One way or another you're spending. So the $20M question is what can you spend?
 
I had my 360 stroked last summer at a local shop .030 over cast crank mild cam nothing too crazy,your build sounds similar to mine. Cost somewhere in the neighborhood of $3-$4K. I cant remember exactly, bought brand new Indy X heads and a carb for it as well so probably closer to the $4K amount. Runs great no complaints! If you already have a block to work with I say have it built by a reputable shop.
 
I'd love to see a breakdown of the individual costs a complete $3-$4k stroker build.
 
You can always buy a stroker kit or you can have them built the block with you picking out the parts you want in it.
 
If you already have good rods you really dont need a kit.

Get a crank and pistons, the crank is probably going to cost the same as if you were going to have the 360 crank machined to the same quality. Maybe cheaper. The pistons can be cheap or expensive.
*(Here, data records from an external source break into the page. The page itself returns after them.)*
lemma rb_correspondence_of_quadRB:
  assumes "quadRB sc pr P w lam" and Tr_r: "Tr r = P \<circ> inv (sharp w)"
  shows "rb_correspondence sc pr w P r lam"
proof -
  have bs: "bilin sc" and bp: "bilin pr" and bilin_form_w: "bilin_form w"
    and symmetric_w: "\<And>x y. w x y = w y x" and nondegenerate_w: "\<And>x. (\<And>y. w x y = 0) \<Longrightarrow> x = 0"
    and compatible: "\<And>x y. w (P x) y + w x (P y) + lam * w x y = 0"
    using assms(1) by (auto simp: quadRB_def quadratic_def LDA_def)
  have bij: "bij (sharp w)"
    by (rule bij_sharp[OF bilin_form_w nondegenerate_w])
  have Tr_sharp: "Tr r (sharp w x) = P x" for x
    by (simp add: Tr_r bij_is_inj[OF bij])
  have "Tr (tau r) (sharp w x) = - (P x + smul lam x)" for x
  proof (rule pairing_ext)
    fix \<eta>
    obtain y where y: "\<eta> = sharp w y"
      using bij_is_surj[OF bij] by (metis surjD)
    have "pairing (sharp w y) (Tr (tau r) (sharp w x)) = w x (P y)"
      by (simp add: pairing_Tr_tau Tr_sharp pairing_sharp[OF bilin_form_w])
    also have "\<dots> = - (w (P x) y + lam * w x y)"
      using compatible[of x y] by (simp add: eq_neg_iff_add_eq_0 algebra_simps)
    also have "\<dots> = pairing (sharp w y) (- (P x + smul lam x))"
      using symmetric_w[of y "P x"] symmetric_w[of y x]
      by (simp add: pairing_sharp[OF bilin_form_w] bilin_form_uminus_right[OF bilin_form_w]
          bilin_form_diff_right[OF bilin_form_w] bilin_form_smul_right[OF bilin_form_w]
        del: smul_apply)
    finally show "pairing \<eta> (Tr (tau r) (sharp w x)) = pairing \<eta> (- (P x + smul lam x))"
      using y by simp
  qed
  then show ?thesis
    by unfold_locales (use bs bp bilin_form_w symmetric_w nondegenerate_w Tr_sharp in auto)
qed

theorem mainTheorem17:
  fixes lam :: "'k::field"
    and succ prec :: "('n::finite \<Rightarrow> 'k) \<Rightarrow> ('n \<Rightarrow> 'k) \<Rightarrow> ('n \<Rightarrow> 'k)"
  assumes "lam \<noteq> 0"
  shows "(\<forall>r. LDA succ prec \<and> factorizable succ prec r \<longrightarrow>
            (let w = (\<lambda>x y. - lam * pairing (inv (Tr (r + tau r)) x) y)
             in quadRB succ prec (\<lambda>x. Tr r (sharp w x)) w lam))
       \<and> (\<forall>P w r. quadRB succ prec P w lam \<and> Tr r = P \<circ> inv (sharp w) \<longrightarrow>
            factorizable succ prec r)"
proof (intro conjI allI impI)
  fix r
  assume hyp: "LDA succ prec \<and> factorizable succ prec r"
  define w where "w = (\<lambda>x y. - lam * pairing (inv (Tr (r + tau r)) x) y)"
  interpret rb_correspondence succ prec w "\<lambda>x. Tr r (sharp w x)" r lam
    unfolding w_def using hyp assms
    by (intro rb_correspondence_of_bij) (auto simp: LDA_def factorizable_def)
  show "let w = (\<lambda>x y. - lam * pairing (inv (Tr (r + tau r)) x) y)
      in quadRB succ prec (\<lambda>x. Tr r (sharp w x)) w lam"
    unfolding Let_def w_def[symmetric] using hyp quadRB_iff factorizable_iff[OF assms] by blast
next
  fix P w r
  assume hyp: "quadRB succ prec P w lam \<and> Tr r = P \<circ> inv (sharp w)"
  then interpret rb_correspondence succ prec w P r lam
    by (intro rb_correspondence_of_quadRB) auto
  show "factorizable succ prec r"
    using hyp quadRB_iff factorizable_iff[OF assms] by blast
qed

end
Personally I would go with Hypers on a cast crank and scat I beams.

Everything else is going to be the same costs either way. So really, if you think about it the stroker and the 360 rebuild is about the same costs. Pistons either way and the crank is roughly the same costs. The only money extra for the stroker build yourself over the kit is the costs of balancing.

As far as buying a complete short block over building yourself. I say buy the complete short block. You will at least have some form of a warranty, and the time will be reduced alot. No waiting on your block to be machined and your kit to come in, blah, blah, blah,.
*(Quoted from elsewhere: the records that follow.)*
(* Let $M$ be a paving matroid of rank $r \ge 3$, let $S = \{s_1,\dots,s_r\}$ be a basis of $M$, and let $e_1 e_2\cdots e_m$ (with $m \ge r$) be a cyclic ordering of $M\backslash S$, i.e., any $r$ cyclically consecutive elements form a basis of $M$. Suppose that for every $i \in \{1,\dots,m\}$ and every permutation $\pi$ of $\{1,\dots,r\}$, the sequence $e_1\cdots e_i\, s_{\pi(1)}\cdots s_{\pi(r)}\, e_{i+1}\cdots e_m$ is not a cyclic ordering of $M$. Fix $j \in \{1,\dots,m\}$, let $x_t = e_{j-t}$ and $y_t = e_{j+t-1}$ for $t = 1,\dots,r-1$ (indices taken modulo $m$ in $\{1,\dots,m\}$). Let $\mathcal{H}_1$ be the set of all $C \cap S$ where $C$ is a circuit of $M$ with $|C| = r$ and $\{x_1,\dots,x_i\} \subset C \subseteq \{x_1,\dots,x_i\} \cup S$ for some $i \in \{1,\dots,r-1\}$, and let $\mathcal{H}_2$ be the set of all $C\cap S$ where $C$ is a circuit with $|C|=r$ and $\{y_1,\dots,y_i\} \subset C \subseteq \{y_1,\dots,y_i\}\cup S$ for some $i\in\{1,\dots,r-1\}$. Then $(\mathcal{H}_1,\mathcal{H}_2)$ is an $S$-pair which is order consistent with respect to $S$.
   Context: A matroid $M$ of rank $r$ is a paving matroid if every circuit has at least $r$ elements. Let $S$ be a finite nonempty set and $\mathcal{S}_1, \mathcal{S}_2 \subseteq 2^S$. The pair $(\mathcal{S}_1,\mathcal{S}_2)$ is an $S$-pair if: (S1) for $i=1,2$, if $A,B \in \mathcal{S}_i$ with $B \subset A$ and $|A| = |B|+1$, then every $|B|$-element subset of $A$ lies in $\mathcal{S}_i$; (S2) for $i=1,2$, if $A,B \in \mathcal{S}_i$ with $|A|=|B|$ and $|A\cap B| = |A|-1$, then $A\cup B \in \mathcal{S}_i$; (S3) for $i=1,2$, not every singleton $\{s\}$, $s\in S$, lies in $\mathcal{S}_i$, and $S \notin \mathcal{S}_i$; (S4) for $k = 1,\dots,|S|-1$ and $x\in S$, if every $k$-element subset of $S - x$ lies in $\mathcal{S}_1$, then not every $(|S|-k)$-element subset of $S-x$ lies in $\mathcal{S}_2$. The pair $(\mathcal{S}_1,\mathcal{S}_2)$ is order consistent with respect to $S$ (where $|S|=n$) if for every ordering $s_1 s_2\cdots s_n$ of $S$ there exists $i\in\{1,\dots,n\}$ such that $\{s_1,\dots,s_i\} \in \mathcal{S}_1$ or $\{s_i,\dots,s_n\} \in \mathcal{S}_2$. *)

theory Defs
  imports Main
begin

definition matroid :: "'a set \<Rightarrow> ('a set \<Rightarrow> bool) \<Rightarrow> bool" where
  "matroid E indep \<longleftrightarrow> finite E
     \<and> (\<forall>X. indep X \<longrightarrow> X \<subseteq> E)
     \<and> indep {}
     \<and> (\<forall>X Y. indep X \<longrightarrow> Y \<subseteq> X \<longrightarrow> indep Y)
     \<and> (\<forall>X Y. indep X \<longrightarrow> indep Y \<longrightarrow> card X < card Y \<longrightarrow>
            (\<exists>y\<in>Y - X. indep (insert y X)))"

definition basis :: "'a set \<Rightarrow> ('a set \<Rightarrow> bool) \<Rightarrow> 'a set \<Rightarrow> bool" where
  "basis E indep B \<longleftrightarrow> B \<subseteq> E \<and> indep B \<and> (\<forall>X. X \<subseteq> E \<longrightarrow> indep X \<longrightarrow> B \<subseteq> X \<longrightarrow> X = B)"

definition circuit :: "'a set \<Rightarrow> ('a set \<Rightarrow> bool) \<Rightarrow> 'a set \<Rightarrow> bool" where
  "circuit E indep C \<longleftrightarrow> C \<subseteq> E \<and> \<not> indep C \<and> (\<forall>D. D \<subset> C \<longrightarrow> indep D)"

definition mrank :: "'a set \<Rightarrow> ('a set \<Rightarrow> bool) \<Rightarrow> nat" where
  "mrank E indep = Max {card X | X. X \<subseteq> E \<and> indep X}"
Find a machine shop close to you so you can get pick the short block up instead of shipping. And you might be able to get the machine shop to knock off some money for the parts you have. Or, you can sell everything off on ebay or craigslist. You will probably get a little more for the second than the machine shop.
 
I would contact mike at MRL performance and see what he says.
Why not start by going to an expert?
And he is a supporter to this site as well.
 
Winston, been here,done that. Buy the Scat forged kit. The rods clear stock bores.
 
I'd love to see a breakdown of the individual costs a complete $3-$4k stroker build.


I`ll try and dig up my receipts. Maybe my math is off and it`s closer to $5k

I remember about a $1K for the rotating assembly,new heads around $1K-$1,200,machine work around a grand. Which leaves out prices for a flat tappet cam & lifters, head bolts, gaskets, carb, ect and anything else i`m forgetting! So cost was definatly north of the $4K range!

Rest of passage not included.